I thought I had figured this one out. But apparently not.
I need to convert a BAM file of paired-end alignments to two FASTQ files of paired reads to realign them, with a twist: I only want reads that fall within a defined region.
Currently I am using the following command (the region is an example; it also fails on different regions; at any rate, this is on hs37d5 but presumably the issue would exist for other references too):
samtools view -b -u -@ 48 alignments.bam 21:31,831,502-31,896,094 \ | samtools collate -n 128 -u -O -@ 48 - /tmp/bam-to-fastq- \ | samtools fastq -F 0x900 -@ 48 \ -0 /dev/null -1 reads_R1.fastq.gz -2 reads_R2.fastq.gz -
(Apart from the region filtering, this command is essentially the same that word of god tells us to use.)
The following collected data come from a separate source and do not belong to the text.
text \<open>Case 2: S meets no level but contains V k with k \<ge> 2.  The relation
  [a(5k-8)] - [a(5k-2)] on the last two coordinates vanishes on the base points and
  on all V m, and its second-coordinate weight singles out V k.\<close>

lemma not_full_high_V:
  assumes sub: "S \<subseteq> T" and no_levels: "\<And>m. 1 \<le> m \<Longrightarrow> S \<inter> level m = {}"
    and k: "2 \<le> k" and Vk: "V k \<in> S" and q: "q \<in> S" "q \<noteq> V k"
  shows "\<not> full S"
proof -
  define g1 g2 g3 :: "'a \<Rightarrow> complex"
    where "g1 x = 0" and "g2 x = of_bool (x = \<alpha> (5*k-8))"
      and "g3 x = - of_bool (x = \<alpha> (5*k-2))" for x
  have "weigh g1 g2 g3 w = 0 \<and> g2 (fst (snd w)) = of_bool (w = V k)" if "w \<in> S" for w
  proof -
    from that sub have "w \<in> T" by blast
    then show ?thesis
    proof (cases rule: setT_cases)
      case 1
      then show ?thesis using k
        by (auto simp: g1_def g2_def g3_def V_def simp flip: alpha_y2 alpha_z3)
    next
      case (2 m)
      then show ?thesis using no_levels that by blast
    next
      case (3 m)
      then show ?thesis using k by (auto simp: g1_def g2_def g3_def V_def)
    qed
  qed
  then have "\<forall>w\<in>S. weigh g1 g2 g3 w = 0"
    and "profile g1 g2 g3 (V k) \<noteq> profile g1 g2 g3 q"
    using Vk q by (auto simp: profile_def)
  then show ?thesis using not_full_by_relation Vk q by blast
qed

text \<open>Case 3: S lies among the base points and V 1 = (x1, y2, a 3), a square.\<close>

lemma not_full_base:
  assumes "S \<subseteq> {(x1, x2, x3), (y1, y2, x3), (y1, x2, z3), V 1}"
    and "q \<in> S" "q' \<in> S" "q \<noteq> q'"
  shows "\<not> full S"
proof (rule not_full_square)
  show "S \<subseteq> {(x1, x2, x3), (y1, y2, x3), (x1, y2, \<alpha> 3), (y1, x2, z3)}"
    using assms(1) by (auto simp: V_def alpha_y2)
  show "x2 \<noteq> y2" "x3 \<noteq> \<alpha> 3" "x3 \<noteq> z3" "\<alpha> 3 \<noteq> z3"
    by (simp_all add: indices_def flip: alpha_y2 alpha_z3)
qed (use x1_y1 assms(2-4) in auto)
lemma reducing_matrix_unit_vector:
  fixes M :: "real^'d \<Rightarrow> complex^'n^'n"
  assumes V: "reducing_matrix M r Q V" and "0 < r" "0 < measure lebesgue Q"
    and e: "norm (V *v e) = 1"
  shows "set_integrable lebesgue Q (\<lambda>y. norm (M y *v e) powr r)"
    and "(LINT y:Q|lebesgue. norm (M y *v e) powr r) \<le> measure lebesgue Q"
proof -
  let ?I = "LINT y:Q|lebesgue. norm (M y *v e) powr r"
  let ?avg = "1 / measure lebesgue Q * ?I"
  have "?avg powr (1 / r) \<le> norm (V *v e) \<and> norm (V *v e) \<le> sqrt (real CARD('n)) * ?avg powr (1 / r)"
    using V unfolding reducing_matrix_def by blast
  then have lower: "?avg powr (1 / r) \<le> 1" and upper: "1 \<le> sqrt (real CARD('n)) * ?avg powr (1 / r)"
    using e by simp_all
  \<comment> \<open>A set integral that does not exist is \<open>0\<close>, which the upper bound rules out.\<close>
  show "set_integrable lebesgue Q (\<lambda>y. norm (M y *v e) powr r)"
  proof (rule ccontr)
    assume "\<not> set_integrable lebesgue Q (\<lambda>y. norm (M y *v e) powr r)"
    then have "?I = 0"
      by (simp add: set_integrable_def set_lebesgue_integral_def not_integrable_integral_eq)
    with upper show False
      by simp
  qed
  have "?avg \<le> 1"
  proof (rule ccontr)
    assume "\<not> ?avg \<le> 1"
    then have "1 < ?avg powr (1 / r)"
      using \<open>0 < r\<close> by (intro gr_one_powr) auto
    with lower show False
      by simp
  qed
  then show "?I \<le> measure lebesgue Q"
    using \<open>0 < measure lebesgue Q\<close> by (simp add: field_simps)
qed

lemma norm_reduced_le_sum_columns:
  fixes M R :: "complex^'n^'n"
  assumes "hermitian M"
  shows "norm (R *v (M *v f)) \<le> (\<Sum>j\<in>UNIV. norm f * norm (M *v (cadj R *v axis j 1)))"
proof -
  have "norm (R *v (M *v f)) \<le> (\<Sum>j\<in>UNIV. norm ((R *v (M *v f)) $ j))"
    unfolding norm_vec_def by (rule L2_set_le_sum) auto
  also have "\<dots> \<le> (\<Sum>j\<in>UNIV. norm f * norm (M *v (cadj R *v axis j 1)))"
  proof (rule sum_mono)
    fix j
    have "(R *v (M *v f)) $ j = cinner f (M *v (cadj R *v axis j 1))"
      by (simp add: matrix_vector_component_cinner hermitian_cinner[OF assms])
    then show "norm ((R *v (M *v f)) $ j) \<le> norm f * norm (M *v (cadj R *v axis j 1))"
      using cinner_cauchy_schwarz by metis
  qed
  finally show ?thesis .
qed

lemma posdef_inverse_adjoint_column:
  assumes "posdef V"
  shows "V *v (cadj (matrix_inv V) *v axis j 1) = axis j 1"
proof -
  have "V *v (cadj (matrix_inv V) *v axis j 1) = cadj (matrix_inv V ** V) *v axis j 1"
    using assms by (simp add: posdef_def cadj_mult hermitian_def matrix_vector_mul_assoc)
  then show ?thesis
    using assms by (simp add: posdef_matrix_inv_left)
qed

lemma reducing_matrix_Holder:
  fixes M :: "real^'d \<Rightarrow> complex^'n^'n" and f :: "real^'d \<Rightarrow> complex^'n"
  assumes exponents: "1 < p" "1 < p'" "1/p + 1/p' = 1"
    and Q: "Q \<in> sets lebesgue" "0 < measure lebesgue Q"
    and V: "reducing_matrix M p' Q V" and u: "norm (V *v u) = 1"
    and f: "f \<in> borel_measurable lebesgue" "integrable lebesgue (\<lambda>x. norm (f x) powr p)"
  shows "(\<lambda>y. ennreal (indicator Q y * (norm (f y) * norm (M y *v u)))) \<in> borel_measurable lebesgue"
    and "(\<integral>\<^sup>+y. ennreal (indicator Q y * (norm (f y) * norm (M y *v u))) \<partial>lebesgue)
      \<le> ennreal ((LINT y:Q|lebesgue. norm (f y) powr p) powr (1/p) * measure lebesgue Q powr (1/p'))"
proof -
  define g where "g y = norm (f y) * indicator Q y" for y
  define h where "h y = norm (M y *v u) * indicator Q y" for y
  have gh: "indicator Q y * (norm (f y) * norm (M y *v u)) = g y * h y" for y
    by (simp add: g_def h_def indicator_def)
  have g_powr: "g y powr p = indicator Q y * norm (f y) powr p" for y
    using exponents by (simp add: g_def indicator_def)
  have h_powr: "h y powr p' = indicator Q y *\<^sub>R norm (M y *v u) powr p'" for y
    using exponents by (simp add: h_def indicator_def)
  have g_integrable: "integrable lebesgue (\<lambda>y. g y powr p)"
    unfolding g_powr using integrable_mult_indicator[OF Q(1) f(2)] by simp
  have h_integrable: "integrable lebesgue (\<lambda>y. h y powr p')"
    using reducing_matrix_unit_vector(1)[OF V _ Q(2) u] exponents
    by (simp add: h_powr set_integrable_def)
  have "(\<lambda>y. (h y powr p') powr (1 / p')) \<in> borel_measurable lebesgue"
    using h_integrable by measurable
  moreover have "(\<lambda>y. (h y powr p') powr (1 / p')) = h"
    using exponents by (simp add: powr_powr h_def fun_eq_iff)
  ultimately have "h \<in> borel_measurable lebesgue"
    by simp
  then show "(\<lambda>y. ennreal (indicator Q y * (norm (f y) * norm (M y *v u)))) \<in> borel_measurable lebesgue"
    using f(1) Q(1) unfolding gh g_def by measurable
  have "(\<integral>\<^sup>+y. ennreal (g y * h y) \<partial>lebesgue)
      \<le> ennreal ((LINT y|lebesgue. g y powr p) powr (1/p) * (LINT y|lebesgue. h y powr p') powr (1/p'))"
    using exponents g_integrable h_integrable
    by (intro nn_integral_mult_le_Holder) (auto simp: g_def h_def)
  also have "(LINT y|lebesgue. g y powr p) = (LINT y:Q|lebesgue. norm (f y) powr p)"
    by (simp add: g_powr set_lebesgue_integral_def)
  also have "(LINT y:Q|lebesgue. norm (f y) powr p) powr (1/p) * (LINT y|lebesgue. h y powr p') powr (1/p')
      \<le> (LINT y:Q|lebesgue. norm (f y) powr p) powr (1/p) * measure lebesgue Q powr (1/p')"
    using reducing_matrix_unit_vector(2)[OF V _ Q(2) u] exponents
    by (intro mult_left_mono powr_mono2)
      (auto simp: h_powr set_lebesgue_integral_def intro: integral_nonneg_AE)
  finally show "(\<integral>\<^sup>+y. ennreal (indicator Q y * (norm (f y) * norm (M y *v u))) \<partial>lebesgue)
      \<le> ennreal ((LINT y:Q|lebesgue. norm (f y) powr p) powr (1/p) * measure lebesgue Q powr (1/p'))"
    unfolding gh by (simp add: ennreal_leI)
qed

lemma reducing_matrix_integral_le:
  fixes M :: "real^'d \<Rightarrow> complex^'n^'n" and f :: "real^'d \<Rightarrow> complex^'n"
  assumes exponents: "1 < p" "1 < p'" "1/p + 1/p' = 1"
    and Q: "Q \<in> sets lebesgue" "0 < measure lebesgue Q"
    and hermitian: "AE y in lebesgue. hermitian (M y)"
    and V: "reducing_matrix M p' Q V"
    and f: "f \<in> borel_measurable lebesgue" "integrable lebesgue (\<lambda>x. norm (f x) powr p)"
  shows "(\<integral>\<^sup>+y\<in>Q. ennreal (norm (matrix_inv V *v (M y *v f y))) \<partial>lebesgue)
    \<le> ennreal (real CARD('n) * measure lebesgue Q powr (1/p')
               * (LINT y:Q|lebesgue. norm (f y) powr p) powr (1/p))"
proof -
  define B where "B = (LINT y:Q|lebesgue. norm (f y) powr p) powr (1/p) * measure lebesgue Q powr (1/p')"
  define u where "u j = cadj (matrix_inv V) *v axis j 1" for j
  define k where "k j y = ennreal (indicator Q y * (norm (f y) * norm (M y *v u j)))" for j y
  have column: "norm (V *v u j) = 1" for j
    using V by (simp add: u_def reducing_matrix_def posdef_inverse_adjoint_column norm_axis_complex)
  have "AE y in lebesgue. ennreal (norm (matrix_inv V *v (M y *v f y))) * indicator Q y \<le> (\<Sum>j\<in>UNIV. k j y)"
    using hermitian
  proof eventually_elim
    case (elim y)
    show ?case
    proof (cases "y \<in> Q")
      case True
      then show ?thesis
        using norm_reduced_le_sum_columns[OF elim]
        by (simp add: k_def u_def ennreal_leI)
    qed simp
  qed
  then have "(\<integral>\<^sup>+y\<in>Q. ennreal (norm (matrix_inv V *v (M y *v f y))) \<partial>lebesgue)
      \<le> (\<integral>\<^sup>+y. (\<Sum>j\<in>UNIV. k j y) \<partial>lebesgue)"
    by (rule nn_integral_mono_AE)
  also have "\<dots> = (\<Sum>j\<in>UNIV. \<integral>\<^sup>+y. k j y \<partial>lebesgue)"
    unfolding k_def using reducing_matrix_Holder(1)[OF exponents Q V column f]
    by (rule nn_integral_sum)
  also have "\<dots> \<le> (\<Sum>j\<in>(UNIV::'n set). ennreal B)"
    unfolding k_def B_def using reducing_matrix_Holder(2)[OF exponents Q V column f]
    by (rule sum_mono)
  also have "\<dots> = ennreal (real CARD('n) * B)"
    by (simp add: B_def ennreal_of_nat_eq_real_of_nat ennreal_mult)
  finally show ?thesis
    by (simp add: B_def mult_ac)
qed
lemma irreducible_graphon_isolated_set_null:
  assumes "irreducible_graphon W"
    and B: "B \<in> sets lborel" "B \<subseteq> {0..1}"
    and isolated: "\<And>x. x \<in> B \<Longrightarrow> AE y in unit_interval_measure. W y x = 0"
  shows "measure lborel B = 0"
proof -
  have half_null: "measure lborel (B \<inter> {a..a + 1/2}) = 0" if "0 \<le> a" "a \<le> 1/2" for a :: real
  proof (rule irreducible_graphon_small_isolated_set_null)
    have "measure lborel (B \<inter> {a..a + 1/2}) \<le> measure lborel {a..a + 1/2}"
      using B fmeasurable_cbox[of a "a + 1/2"] by (intro measure_mono_fmeasurable) auto
    then show "measure lborel (B \<inter> {a..a + 1/2}) < 1"
      by simp
  qed (use assms that in auto)
  have "B = (B \<inter> {0..1/2}) \<union> (B \<inter> {1/2..1})"
    using B by auto
  then have "measure lborel B \<le> measure lborel (B \<inter> {0..1/2}) + measure lborel (B \<inter> {1/2..1})"
    by (metis measure_Un_le B(1) sets.Int atLeastAtMost_borel sets_lborel)
  then show ?thesis
    using half_null[of 0, simplified] half_null[of "1/2", simplified] measure_nonneg[of lborel B]
    by linarith
qed

lemma AE_graphon_degree_pos:
  assumes "irreducible_graphon W"
  shows "AE x in unit_interval_measure. 0 < graphon_degree W x"
proof -
  let ?Z = "{x \<in> {0..1}. graphon_degree W x = 0}"
  have "?Z = graphon_degree W -` {0} \<inter> space unit_interval_measure"
    by auto
  then have Z_events: "?Z \<in> sets unit_interval_measure"
    using measurable_sets[OF borel_measurable_graphon_degree] by simp
  then have Z_sets: "?Z \<in> sets lborel"
    by (subst (asm) sets_restrict_space_iff) auto
  have "AE y in unit_interval_measure. W y x = 0" if "x \<in> ?Z" for x
  proof -
    have x: "x \<in> {0..1}" "graphon_degree W x = 0"
      using that by auto
    have "AE y in unit_interval_measure. 0 \<le> W y x"
      using x by (auto intro!: AE_I2 graphon_nonneg)
    from integral_nonneg_eq_0_iff_AE[OF integrable_graphon_section[OF x(1)] this] x(2)
    show ?thesis
      unfolding graphon_degree_def by simp
  qed
  then have "measure lborel ?Z = 0"
    by (intro irreducible_graphon_isolated_set_null Z_sets assms) auto
  then have "measure unit_interval_measure ?Z = 0"
    using Z_sets by (subst measure_restrict_space) auto
  moreover have "{x \<in> space unit_interval_measure. \<not> 0 < graphon_degree W x} = ?Z"
    using graphon_degree_nonneg by force
  ultimately show ?thesis
    using Z_events by (simp add: AE_iff_measurable unit_interval.emeasure_eq_measure)
qed

end

context
  fixes \<beta> :: "nat \<Rightarrow> nat \<Rightarrow> nat \<Rightarrow> real" and W :: "real \<Rightarrow> real \<Rightarrow> real"
  assumes weighted: "\<And>n. weighted_graph n (\<beta> n)"
    and W: "graphon W"
    and converges: "graph_seq_converges \<beta> W"
begin

lemma tendsto_degree_moment:
  "(\<lambda>n. (\<Sum>v<n. (wdeg n (\<beta> n) v / n) ^ j) / n) \<longlonglongrightarrow> (\<integral>x. graphon_degree W x ^ j \<partial>unit_interval_measure)"
proof -
  have "(\<lambda>n. hom_density_graph (Suc j) (star_edges j) n (\<beta> n)) \<longlonglongrightarrow> hom_density_graphon (Suc j) (star_edges j) W"
    using converges simple_graph_star_edges unfolding graph_seq_converges_def by blast
  then show ?thesis
    by (simp add: hom_density_graph_star[OF weighted] hom_density_graphon_star[OF W])
qed

lemma tendsto_degree_poly:
  "(\<lambda>n. (\<Sum>v<n. poly p (wdeg n (\<beta> n) v / n)) / n) \<longlonglongrightarrow> (\<integral>x. poly p (graphon_degree W x) \<partial>unit_interval_measure)"
proof -
  obtain B where B: "\<And>x y. x \<in> {0..1} \<Longrightarrow> y \<in> {0..1} \<Longrightarrow> W x y \<le> B"
    using graphon_bounded[OF W] by blast
  have integrable_moment: "integrable unit_interval_measure (\<lambda>x. graphon_degree W x ^ i)" for i
    using B graphon_degree_le[OF W] graphon_degree_nonneg[OF W] borel_measurable_graphon_degree[OF W]
    by (intro unit_interval.integrable_const_bound[where B="B ^ i"] AE_I2) (auto intro!: power_mono)
  have "(\<lambda>n. \<Sum>i\<le>degree p. coeff p i * ((\<Sum>v<n. (wdeg n (\<beta> n) v / n) ^ i) / n))
      \<longlonglongrightarrow> (\<Sum>i\<le>degree p. coeff p i * (\<integral>x. graphon_degree W x ^ i \<partial>unit_interval_measure))"
    by (intro tendsto_sum tendsto_mult tendsto_const tendsto_degree_moment)
  moreover have "(\<Sum>i\<le>degree p. coeff p i * ((\<Sum>v<n. (wdeg n (\<beta> n) v / n) ^ i) / n))
      = (\<Sum>v<n. poly p (wdeg n (\<beta> n) v / n)) / n" for n
    unfolding poly_altdef sum_divide_distrib sum_distrib_left by (subst sum.swap) simp
  moreover have "(\<Sum>i\<le>degree p. coeff p i * (\<integral>x. graphon_degree W x ^ i \<partial>unit_interval_measure))
      = (\<integral>x. poly p (graphon_degree W x) \<partial>unit_interval_measure)"
    unfolding poly_altdef using integrable_moment by simp
  ultimately show ?thesis
    by simp
qed

lemma eventually_card_low_wdeg_le:
  fixes \<delta> :: real
  assumes "irreducible_graphon W" and le_b: "\<And>n i j. i < n \<Longrightarrow> j < n \<Longrightarrow> \<beta> n i j \<le> b" and "0 < \<delta>"
  shows "\<exists>\<epsilon>>0. \<forall>\<^sub>F n in sequentially. real (card {v. v < n \<and> wdeg n (\<beta> n) v < \<epsilon> * real n}) \<le> \<delta> * real n"
proof -
  obtain C where C: "\<And>x y. x \<in> {0..1} \<Longrightarrow> y \<in> {0..1} \<Longrightarrow> W x y \<le> C"
    using graphon_bounded[OF W] by blast
  define B where "B = max b C + 1"
  have "0 < B"
    using C[of 0 0] graphon_nonneg[OF W, of 0 0] by (simp add: B_def)
  obtain p :: "real poly" and \<epsilon> where "0 < \<epsilon>"
    and one_le_p: "\<And>t. 0 \<le> t \<Longrightarrow> t < \<epsilon> \<Longrightarrow> 1 \<le> poly p t"
    and p_nonneg: "\<And>t. 0 \<le> t \<Longrightarrow> t \<le> B \<Longrightarrow> 0 \<le> poly p t"
    and small: "(\<integral>x. poly p (graphon_degree W x) \<partial>unit_interval_measure) < \<delta>"
  proof (rule unit_interval.obtain_poly_ge_one_near_zero_small_integral[of "graphon_degree W" B \<delta>])
    show "0 \<le> graphon_degree W x \<and> graphon_degree W x \<le> B" if "x \<in> space unit_interval_measure" for x
      using that graphon_degree_nonneg[OF W] graphon_degree_le[OF W _ C] by (force simp: B_def)
  qed (use borel_measurable_graphon_degree[OF W] AE_graphon_degree_pos[OF W assms(1)] \<open>0 < B\<close> \<open>0 < \<delta>\<close> in auto)
  from order_tendstoD(2)[OF tendsto_degree_poly small]
  have "\<forall>\<^sub>F n in sequentially. real (card {v. v < n \<and> wdeg n (\<beta> n) v < \<epsilon> * real n}) \<le> \<delta> * real n"
  proof eventually_elim
    case (elim n)
    have "real (card {v. v < n \<and> wdeg n (\<beta> n) v < \<epsilon> * real n}) \<le> (\<Sum>v<n. poly p (wdeg n (\<beta> n) v / n))"
      using le_b by (intro card_low_wdeg_le_sum_poly[OF weighted _ one_le_p p_nonneg]) (force simp: B_def)+
    also have "\<dots> \<le> \<delta> * real n"
      using elim by (cases "n = 0") (auto simp: field_simps)
    finally show ?case .
  qed
  with \<open>0 < \<epsilon>\<close> show ?thesis
    by blast
qed

end

theorem lemma11:
  fixes \<beta> :: "nat \<Rightarrow> nat \<Rightarrow> nat \<Rightarrow> real"
    and W :: "real \<Rightarrow> real \<Rightarrow> real"
    and k :: nat
  assumes "\<And>n. weighted_graph n (\<beta> n)"
    and "bdd_above {\<beta> n i j | n i j. i < n \<and> j < n}"
    and "graphon W"
    and "irreducible_graphon W"
    and "graph_seq_converges \<beta> W"
    and "k \<ge> 2"
  shows "\<exists>\<sigma>>0. \<exists>N. \<forall>n\<ge>N.
           real (card {v. v < n \<and> wdeg n (\<beta> n) v < 50 * real k * beta_max \<beta> * \<sigma> * real n})
             \<le> real n / (10 * beta_max \<beta>)"
proof -
  let ?bmax = "beta_max \<beta>"
  show ?thesis
  proof (cases "?bmax = 0")
    case True
    \<comment> \<open>Then the right-hand side is n / 0 = 0, so no vertex may have small degree.\<close>
    have "{v. v < n \<and> wdeg n (\<beta> n) v < 50 * real k * ?bmax * 1 * real n} = {}" for n
      using True wdeg_nonneg[OF assms(1)] by (force simp: not_less)
    with True show ?thesis
      by (intro exI[of _ 1]) simp
  next
    case False
    with beta_max_nonneg[OF assms(1,2)] have "0 < ?bmax"
      by simp
    then have "0 < 1 / (10 * ?bmax)"
      by simp
    from eventually_card_low_wdeg_le[OF assms(1,3,5,4) beta_max_upper[OF assms(2)] this]
    obtain \<epsilon> where "0 < \<epsilon>" and few_low:
      "\<forall>\<^sub>F n in sequentially. real (card {v. v < n \<and> wdeg n (\<beta> n) v < \<epsilon> * real n}) \<le> 1 / (10 * ?bmax) * real n"
      by blast
    define \<sigma> where "\<sigma> = \<epsilon> / (50 * real k * ?bmax)"
    have "0 < \<sigma>" and \<sigma>: "50 * real k * ?bmax * \<sigma> = \<epsilon>"
      using \<open>0 < \<epsilon>\<close> \<open>0 < ?bmax\<close> assms(6) by (simp_all add: \<sigma>_def)
    from few_low obtain N where
      "\<And>n. N \<le> n \<Longrightarrow> real (card {v. v < n \<and> wdeg n (\<beta> n) v < \<epsilon> * real n}) \<le> 1 / (10 * ?bmax) * real n"
      unfolding eventually_sequentially by blast
    then show ?thesis
      using \<open>0 < \<sigma>\<close> by (intro exI[of _ \<sigma>] conjI exI[of _ N] allI impI) (simp_all add: \<sigma>)
  qed
qed

end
The resulting files are not properly paired:
⟩⟩⟩ diff <(gunzip -c reads_R1.fastq.gz | sed -n -e 1~4p -e 10q) \ 1 ⟩ <(gunzip -c reads_R2.fastq.gz | sed -n -e 1~4p -e 10q) 1,2d0 < @A00346:17:H52H7DSXX:3:2142:32316:24518 < @A00346:17:H52H7DSXX:3:1153:6705:26412 3a2,3 > @A00346:17:H52H7DSXX:3:1173:9118:3129 > @A00346:17:H52H7DSXX:3:1109:29414:11757
As far as I can see from performing a spot check, these are all reads which are marked as paired in the BAM file, but for which only one mate falls within the filtered region.
bwa mem on the files gives me the error:
[mem_sam_pe] paired reads have different names: […]
How can I ensure that only properly paired reads are included in the FASTQ files?